**What you need to do**.
After locating the line with "(\<exists>n a. (\<forall>i<n." in the data that follows, return it and every later line exactly, up to and including the line with "R \<and> (\<forall>r\<in>carrier".

====

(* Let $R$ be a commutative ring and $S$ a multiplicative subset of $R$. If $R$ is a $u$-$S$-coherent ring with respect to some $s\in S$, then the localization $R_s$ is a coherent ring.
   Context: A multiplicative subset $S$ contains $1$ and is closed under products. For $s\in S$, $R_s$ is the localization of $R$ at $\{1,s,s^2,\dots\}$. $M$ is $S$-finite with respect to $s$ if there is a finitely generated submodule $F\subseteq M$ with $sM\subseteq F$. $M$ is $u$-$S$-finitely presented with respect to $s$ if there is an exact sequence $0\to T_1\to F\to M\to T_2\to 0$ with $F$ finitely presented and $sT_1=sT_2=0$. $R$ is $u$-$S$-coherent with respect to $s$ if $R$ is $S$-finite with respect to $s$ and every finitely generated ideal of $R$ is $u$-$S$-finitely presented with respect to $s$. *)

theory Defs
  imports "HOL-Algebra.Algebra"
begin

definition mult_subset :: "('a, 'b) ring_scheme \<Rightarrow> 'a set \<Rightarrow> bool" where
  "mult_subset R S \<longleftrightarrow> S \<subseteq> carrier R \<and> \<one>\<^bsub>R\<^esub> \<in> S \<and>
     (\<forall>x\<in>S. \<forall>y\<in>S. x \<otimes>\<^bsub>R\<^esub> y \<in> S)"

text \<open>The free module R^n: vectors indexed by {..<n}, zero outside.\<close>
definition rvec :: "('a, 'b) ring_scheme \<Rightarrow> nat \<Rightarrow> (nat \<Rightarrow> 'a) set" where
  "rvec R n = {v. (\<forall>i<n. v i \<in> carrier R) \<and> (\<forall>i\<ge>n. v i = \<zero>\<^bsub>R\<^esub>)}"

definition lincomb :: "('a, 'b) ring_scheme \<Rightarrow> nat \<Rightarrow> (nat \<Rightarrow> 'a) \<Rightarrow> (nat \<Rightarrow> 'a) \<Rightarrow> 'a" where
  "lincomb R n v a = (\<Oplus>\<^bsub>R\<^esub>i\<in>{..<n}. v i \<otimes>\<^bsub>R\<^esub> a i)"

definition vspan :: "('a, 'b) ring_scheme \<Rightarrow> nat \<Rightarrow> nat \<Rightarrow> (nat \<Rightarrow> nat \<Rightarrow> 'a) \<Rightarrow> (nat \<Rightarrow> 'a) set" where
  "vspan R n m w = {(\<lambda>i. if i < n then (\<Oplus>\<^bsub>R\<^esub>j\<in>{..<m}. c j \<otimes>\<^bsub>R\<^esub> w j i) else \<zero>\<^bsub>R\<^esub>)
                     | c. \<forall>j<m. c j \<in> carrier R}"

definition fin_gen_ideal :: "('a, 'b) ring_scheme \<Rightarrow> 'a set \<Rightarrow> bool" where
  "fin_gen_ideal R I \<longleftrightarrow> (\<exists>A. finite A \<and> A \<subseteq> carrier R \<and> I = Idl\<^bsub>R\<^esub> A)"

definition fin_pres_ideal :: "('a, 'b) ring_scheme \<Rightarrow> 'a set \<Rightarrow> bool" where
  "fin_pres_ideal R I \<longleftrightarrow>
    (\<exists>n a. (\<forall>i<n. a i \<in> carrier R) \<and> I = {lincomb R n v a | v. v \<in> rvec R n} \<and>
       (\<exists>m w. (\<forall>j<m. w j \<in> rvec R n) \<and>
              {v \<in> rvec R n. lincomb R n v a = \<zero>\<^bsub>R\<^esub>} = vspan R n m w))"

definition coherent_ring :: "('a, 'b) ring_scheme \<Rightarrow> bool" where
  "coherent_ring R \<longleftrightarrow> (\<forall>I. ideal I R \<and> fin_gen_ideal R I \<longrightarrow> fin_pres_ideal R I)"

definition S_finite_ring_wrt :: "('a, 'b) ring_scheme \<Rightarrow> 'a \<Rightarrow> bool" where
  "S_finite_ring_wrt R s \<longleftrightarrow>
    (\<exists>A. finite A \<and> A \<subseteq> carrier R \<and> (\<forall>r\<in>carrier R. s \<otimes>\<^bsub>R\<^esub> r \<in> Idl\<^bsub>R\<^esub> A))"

====

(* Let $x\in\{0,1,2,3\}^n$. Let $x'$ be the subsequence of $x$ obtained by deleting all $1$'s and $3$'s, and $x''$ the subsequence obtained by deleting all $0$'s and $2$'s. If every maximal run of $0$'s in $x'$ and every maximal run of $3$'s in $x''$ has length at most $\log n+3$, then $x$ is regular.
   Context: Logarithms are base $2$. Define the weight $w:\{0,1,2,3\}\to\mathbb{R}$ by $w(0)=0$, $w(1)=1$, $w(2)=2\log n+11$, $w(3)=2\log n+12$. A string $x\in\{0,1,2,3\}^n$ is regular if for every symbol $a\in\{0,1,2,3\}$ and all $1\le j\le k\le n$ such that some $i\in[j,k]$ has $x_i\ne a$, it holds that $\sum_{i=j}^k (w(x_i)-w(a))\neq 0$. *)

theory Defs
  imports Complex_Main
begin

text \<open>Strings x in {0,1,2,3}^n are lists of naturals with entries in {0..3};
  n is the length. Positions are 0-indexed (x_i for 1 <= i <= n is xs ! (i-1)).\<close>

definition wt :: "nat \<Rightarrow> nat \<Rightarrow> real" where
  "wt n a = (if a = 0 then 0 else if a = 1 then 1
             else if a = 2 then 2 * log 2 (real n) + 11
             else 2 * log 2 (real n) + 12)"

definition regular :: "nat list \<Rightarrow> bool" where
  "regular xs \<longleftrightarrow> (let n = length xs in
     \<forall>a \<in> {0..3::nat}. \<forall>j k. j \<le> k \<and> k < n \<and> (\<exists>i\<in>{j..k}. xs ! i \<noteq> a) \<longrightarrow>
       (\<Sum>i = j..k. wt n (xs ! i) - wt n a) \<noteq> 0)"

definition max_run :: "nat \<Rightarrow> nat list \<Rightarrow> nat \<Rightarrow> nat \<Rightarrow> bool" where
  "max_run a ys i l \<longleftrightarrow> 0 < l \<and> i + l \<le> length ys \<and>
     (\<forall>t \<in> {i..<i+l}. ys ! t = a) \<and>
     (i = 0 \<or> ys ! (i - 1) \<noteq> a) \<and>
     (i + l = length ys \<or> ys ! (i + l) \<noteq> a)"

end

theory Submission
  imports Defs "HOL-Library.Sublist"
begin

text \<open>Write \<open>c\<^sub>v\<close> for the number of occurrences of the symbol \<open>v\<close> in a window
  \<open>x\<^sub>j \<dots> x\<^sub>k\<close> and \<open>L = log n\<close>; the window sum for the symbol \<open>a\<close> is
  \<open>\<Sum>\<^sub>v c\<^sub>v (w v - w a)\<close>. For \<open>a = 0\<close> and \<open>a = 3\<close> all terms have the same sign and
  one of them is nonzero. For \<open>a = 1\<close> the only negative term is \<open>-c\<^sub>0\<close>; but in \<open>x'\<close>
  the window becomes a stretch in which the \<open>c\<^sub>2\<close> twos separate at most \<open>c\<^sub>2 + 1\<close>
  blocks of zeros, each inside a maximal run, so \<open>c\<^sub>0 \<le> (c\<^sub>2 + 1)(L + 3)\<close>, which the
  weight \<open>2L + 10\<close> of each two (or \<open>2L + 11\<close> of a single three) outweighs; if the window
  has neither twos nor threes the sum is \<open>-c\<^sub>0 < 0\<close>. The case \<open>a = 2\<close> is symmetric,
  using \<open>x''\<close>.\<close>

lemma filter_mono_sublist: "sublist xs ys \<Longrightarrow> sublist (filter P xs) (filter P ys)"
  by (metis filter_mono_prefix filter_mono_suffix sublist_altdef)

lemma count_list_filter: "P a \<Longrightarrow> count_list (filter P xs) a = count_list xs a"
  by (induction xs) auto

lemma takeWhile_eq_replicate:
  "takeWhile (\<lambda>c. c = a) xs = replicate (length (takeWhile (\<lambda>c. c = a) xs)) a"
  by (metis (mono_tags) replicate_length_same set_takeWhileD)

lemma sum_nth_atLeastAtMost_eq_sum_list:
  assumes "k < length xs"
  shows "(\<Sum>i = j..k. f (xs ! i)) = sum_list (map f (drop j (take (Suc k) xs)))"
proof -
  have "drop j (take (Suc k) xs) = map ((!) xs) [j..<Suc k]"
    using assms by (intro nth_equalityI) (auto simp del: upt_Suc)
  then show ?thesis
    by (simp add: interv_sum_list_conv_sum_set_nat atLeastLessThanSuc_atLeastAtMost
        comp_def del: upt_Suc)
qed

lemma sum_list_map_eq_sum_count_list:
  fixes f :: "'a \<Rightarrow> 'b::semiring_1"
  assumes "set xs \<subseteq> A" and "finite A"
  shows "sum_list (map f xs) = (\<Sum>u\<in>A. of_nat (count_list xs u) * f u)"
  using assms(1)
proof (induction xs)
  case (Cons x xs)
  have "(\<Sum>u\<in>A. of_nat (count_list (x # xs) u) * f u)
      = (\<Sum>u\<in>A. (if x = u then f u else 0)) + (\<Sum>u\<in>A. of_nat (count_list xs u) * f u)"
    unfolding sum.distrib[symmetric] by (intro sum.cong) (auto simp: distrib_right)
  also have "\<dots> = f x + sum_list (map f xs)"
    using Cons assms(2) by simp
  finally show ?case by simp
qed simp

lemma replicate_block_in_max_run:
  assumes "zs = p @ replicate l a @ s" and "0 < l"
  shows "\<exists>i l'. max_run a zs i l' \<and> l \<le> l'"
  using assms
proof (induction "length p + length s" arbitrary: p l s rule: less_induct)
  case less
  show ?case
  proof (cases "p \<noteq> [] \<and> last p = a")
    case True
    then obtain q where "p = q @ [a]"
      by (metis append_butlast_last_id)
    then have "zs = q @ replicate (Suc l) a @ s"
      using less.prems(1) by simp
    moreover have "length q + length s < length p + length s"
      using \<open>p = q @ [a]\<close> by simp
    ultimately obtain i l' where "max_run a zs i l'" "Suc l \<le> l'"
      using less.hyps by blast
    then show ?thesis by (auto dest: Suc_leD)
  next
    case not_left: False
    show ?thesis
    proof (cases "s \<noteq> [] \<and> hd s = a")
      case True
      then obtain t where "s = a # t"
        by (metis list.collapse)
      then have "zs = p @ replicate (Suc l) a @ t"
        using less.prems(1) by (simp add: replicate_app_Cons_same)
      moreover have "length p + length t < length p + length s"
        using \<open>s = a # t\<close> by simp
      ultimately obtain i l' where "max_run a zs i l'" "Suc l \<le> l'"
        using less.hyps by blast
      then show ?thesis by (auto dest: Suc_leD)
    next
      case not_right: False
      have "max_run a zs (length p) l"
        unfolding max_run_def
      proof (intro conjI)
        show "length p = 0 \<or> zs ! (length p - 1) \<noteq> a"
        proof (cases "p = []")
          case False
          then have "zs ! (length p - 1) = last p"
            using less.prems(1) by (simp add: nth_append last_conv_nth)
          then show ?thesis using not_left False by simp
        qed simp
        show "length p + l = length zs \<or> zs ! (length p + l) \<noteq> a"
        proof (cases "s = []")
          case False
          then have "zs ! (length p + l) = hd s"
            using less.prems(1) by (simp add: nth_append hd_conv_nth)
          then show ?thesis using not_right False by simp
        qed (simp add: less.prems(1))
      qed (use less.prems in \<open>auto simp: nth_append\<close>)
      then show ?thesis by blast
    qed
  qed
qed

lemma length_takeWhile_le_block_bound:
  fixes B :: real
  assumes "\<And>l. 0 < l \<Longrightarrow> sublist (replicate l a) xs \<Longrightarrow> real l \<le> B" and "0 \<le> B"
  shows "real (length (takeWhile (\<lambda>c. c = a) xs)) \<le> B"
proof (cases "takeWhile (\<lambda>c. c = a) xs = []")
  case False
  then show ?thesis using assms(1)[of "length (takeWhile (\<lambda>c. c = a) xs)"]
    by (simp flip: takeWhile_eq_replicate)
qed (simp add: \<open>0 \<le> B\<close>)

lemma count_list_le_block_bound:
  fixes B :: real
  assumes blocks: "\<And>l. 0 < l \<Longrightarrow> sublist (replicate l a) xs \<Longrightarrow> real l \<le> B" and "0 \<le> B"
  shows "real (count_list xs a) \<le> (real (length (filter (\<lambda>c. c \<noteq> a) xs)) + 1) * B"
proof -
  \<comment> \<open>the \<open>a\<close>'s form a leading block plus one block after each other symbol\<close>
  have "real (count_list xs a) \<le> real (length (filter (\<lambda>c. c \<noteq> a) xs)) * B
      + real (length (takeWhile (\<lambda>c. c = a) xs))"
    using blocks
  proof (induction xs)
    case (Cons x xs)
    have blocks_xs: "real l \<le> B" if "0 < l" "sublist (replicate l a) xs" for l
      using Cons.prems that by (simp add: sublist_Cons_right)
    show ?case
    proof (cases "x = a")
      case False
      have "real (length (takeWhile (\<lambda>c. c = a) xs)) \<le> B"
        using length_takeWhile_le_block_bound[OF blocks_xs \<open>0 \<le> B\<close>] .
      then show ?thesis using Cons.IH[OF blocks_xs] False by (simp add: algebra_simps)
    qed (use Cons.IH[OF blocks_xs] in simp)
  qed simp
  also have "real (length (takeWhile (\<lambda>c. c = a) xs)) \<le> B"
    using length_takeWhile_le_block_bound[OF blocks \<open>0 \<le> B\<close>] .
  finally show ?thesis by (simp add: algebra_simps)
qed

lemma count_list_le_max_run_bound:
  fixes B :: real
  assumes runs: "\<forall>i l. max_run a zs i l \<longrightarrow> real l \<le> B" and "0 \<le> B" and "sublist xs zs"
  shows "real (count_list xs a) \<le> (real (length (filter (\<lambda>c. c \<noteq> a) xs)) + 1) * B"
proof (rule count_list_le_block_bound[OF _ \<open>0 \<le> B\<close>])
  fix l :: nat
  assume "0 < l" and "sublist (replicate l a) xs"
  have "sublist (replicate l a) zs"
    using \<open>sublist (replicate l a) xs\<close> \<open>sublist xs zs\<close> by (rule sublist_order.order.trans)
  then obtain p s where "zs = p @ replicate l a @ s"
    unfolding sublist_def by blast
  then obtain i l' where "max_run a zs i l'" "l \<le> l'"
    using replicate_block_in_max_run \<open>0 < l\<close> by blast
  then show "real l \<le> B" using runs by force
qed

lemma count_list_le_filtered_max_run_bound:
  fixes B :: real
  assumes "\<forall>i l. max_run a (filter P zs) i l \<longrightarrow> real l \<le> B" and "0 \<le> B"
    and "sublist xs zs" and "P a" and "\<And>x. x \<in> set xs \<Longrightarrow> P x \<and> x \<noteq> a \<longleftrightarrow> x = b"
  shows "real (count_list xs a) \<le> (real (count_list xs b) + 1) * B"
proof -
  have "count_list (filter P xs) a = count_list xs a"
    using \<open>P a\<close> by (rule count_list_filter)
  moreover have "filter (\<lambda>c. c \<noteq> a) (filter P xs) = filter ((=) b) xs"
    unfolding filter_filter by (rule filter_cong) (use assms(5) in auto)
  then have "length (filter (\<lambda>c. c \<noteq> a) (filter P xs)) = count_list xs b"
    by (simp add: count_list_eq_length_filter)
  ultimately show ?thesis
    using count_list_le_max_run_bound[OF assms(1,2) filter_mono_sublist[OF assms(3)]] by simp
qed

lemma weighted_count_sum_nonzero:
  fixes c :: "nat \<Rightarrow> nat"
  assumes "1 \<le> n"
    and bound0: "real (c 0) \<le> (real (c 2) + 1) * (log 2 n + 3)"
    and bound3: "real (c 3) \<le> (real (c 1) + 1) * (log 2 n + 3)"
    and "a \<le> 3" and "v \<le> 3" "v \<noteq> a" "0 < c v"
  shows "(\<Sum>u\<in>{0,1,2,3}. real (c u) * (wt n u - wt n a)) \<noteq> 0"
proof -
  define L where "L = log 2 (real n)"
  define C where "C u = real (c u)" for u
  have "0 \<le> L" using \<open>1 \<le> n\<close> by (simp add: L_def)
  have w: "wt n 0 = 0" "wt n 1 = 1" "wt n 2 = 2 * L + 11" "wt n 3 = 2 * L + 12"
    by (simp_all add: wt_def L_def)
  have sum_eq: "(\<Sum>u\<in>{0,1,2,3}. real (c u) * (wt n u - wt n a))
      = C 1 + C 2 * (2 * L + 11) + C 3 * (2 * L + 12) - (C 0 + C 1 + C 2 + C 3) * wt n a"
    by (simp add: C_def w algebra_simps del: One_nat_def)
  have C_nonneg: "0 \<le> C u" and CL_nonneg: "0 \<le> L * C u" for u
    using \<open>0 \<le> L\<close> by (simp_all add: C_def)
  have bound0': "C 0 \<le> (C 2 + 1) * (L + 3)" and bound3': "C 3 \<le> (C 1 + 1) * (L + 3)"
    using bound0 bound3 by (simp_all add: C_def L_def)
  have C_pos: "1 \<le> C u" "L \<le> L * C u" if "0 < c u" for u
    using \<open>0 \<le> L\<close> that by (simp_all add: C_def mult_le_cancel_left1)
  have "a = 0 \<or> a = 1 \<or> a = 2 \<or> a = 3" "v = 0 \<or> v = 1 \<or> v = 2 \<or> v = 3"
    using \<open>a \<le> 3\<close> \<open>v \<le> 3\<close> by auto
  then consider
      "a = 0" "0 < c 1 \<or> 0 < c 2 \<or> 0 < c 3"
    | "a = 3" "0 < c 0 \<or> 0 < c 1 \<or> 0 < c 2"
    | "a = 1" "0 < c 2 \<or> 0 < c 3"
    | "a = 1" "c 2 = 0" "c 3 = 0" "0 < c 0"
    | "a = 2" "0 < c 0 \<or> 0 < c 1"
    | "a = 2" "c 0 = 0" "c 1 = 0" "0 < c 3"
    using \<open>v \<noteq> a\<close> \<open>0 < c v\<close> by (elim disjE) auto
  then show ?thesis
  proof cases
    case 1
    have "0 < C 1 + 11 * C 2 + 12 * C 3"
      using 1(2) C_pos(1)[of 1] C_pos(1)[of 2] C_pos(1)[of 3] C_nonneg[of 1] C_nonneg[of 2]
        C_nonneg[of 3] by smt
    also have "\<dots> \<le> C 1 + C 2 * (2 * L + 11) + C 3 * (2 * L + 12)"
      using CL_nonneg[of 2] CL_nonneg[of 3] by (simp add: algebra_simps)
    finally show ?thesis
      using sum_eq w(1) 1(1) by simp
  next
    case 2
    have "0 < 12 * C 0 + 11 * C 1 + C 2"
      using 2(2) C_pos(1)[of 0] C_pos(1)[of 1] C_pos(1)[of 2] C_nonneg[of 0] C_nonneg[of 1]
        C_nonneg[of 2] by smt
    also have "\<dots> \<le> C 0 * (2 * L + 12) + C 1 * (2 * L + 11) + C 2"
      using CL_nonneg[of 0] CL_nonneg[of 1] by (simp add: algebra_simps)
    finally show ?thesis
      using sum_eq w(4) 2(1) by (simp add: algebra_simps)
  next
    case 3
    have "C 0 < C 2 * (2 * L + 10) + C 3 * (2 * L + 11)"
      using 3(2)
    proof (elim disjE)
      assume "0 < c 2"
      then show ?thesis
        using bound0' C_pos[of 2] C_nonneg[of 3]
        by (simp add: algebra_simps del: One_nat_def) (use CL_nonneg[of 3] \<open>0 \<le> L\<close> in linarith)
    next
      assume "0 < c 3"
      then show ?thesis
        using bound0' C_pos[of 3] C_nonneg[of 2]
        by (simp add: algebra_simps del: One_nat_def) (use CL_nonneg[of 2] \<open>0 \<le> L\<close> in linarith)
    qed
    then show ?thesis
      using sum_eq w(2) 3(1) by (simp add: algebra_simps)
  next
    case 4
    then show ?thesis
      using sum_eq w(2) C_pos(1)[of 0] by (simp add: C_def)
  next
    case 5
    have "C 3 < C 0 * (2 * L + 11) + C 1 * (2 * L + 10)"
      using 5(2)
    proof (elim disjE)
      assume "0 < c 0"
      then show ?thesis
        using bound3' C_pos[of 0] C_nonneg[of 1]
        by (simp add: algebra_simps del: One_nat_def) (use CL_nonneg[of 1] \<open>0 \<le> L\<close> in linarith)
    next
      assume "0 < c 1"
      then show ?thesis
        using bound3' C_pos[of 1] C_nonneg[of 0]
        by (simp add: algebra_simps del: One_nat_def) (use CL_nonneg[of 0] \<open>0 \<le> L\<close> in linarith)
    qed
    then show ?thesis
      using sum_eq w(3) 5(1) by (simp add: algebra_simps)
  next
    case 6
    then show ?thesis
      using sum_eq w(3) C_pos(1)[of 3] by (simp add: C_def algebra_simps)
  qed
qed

====

**Reply**.
    (\<exists>n a. (\<forall>i<n. a i \<in> carrier R) \<and> I = {lincomb R n v a | v. v \<in> rvec R n} \<and>
       (\<exists>m w. (\<forall>j<m. w j \<in> rvec R n) \<and>
              {v \<in> rvec R n. lincomb R n v a = \<zero>\<^bsub>R\<^esub>} = vspan R n m w))"

definition coherent_ring :: "('a, 'b) ring_scheme \<Rightarrow> bool" where
  "coherent_ring R \<longleftrightarrow> (\<forall>I. ideal I R \<and> fin_gen_ideal R I \<longrightarrow> fin_pres_ideal R I)"

definition S_finite_ring_wrt :: "('a, 'b) ring_scheme \<Rightarrow> 'a \<Rightarrow> bool" where
  "S_finite_ring_wrt R s \<longleftrightarrow>
    (\<exists>A. finite A \<and> A \<subseteq> carrier R \<and> (\<forall>r\<in>carrier R. s \<otimes>\<^bsub>R\<^esub> r \<in> Idl\<^bsub>R\<^esub> A))"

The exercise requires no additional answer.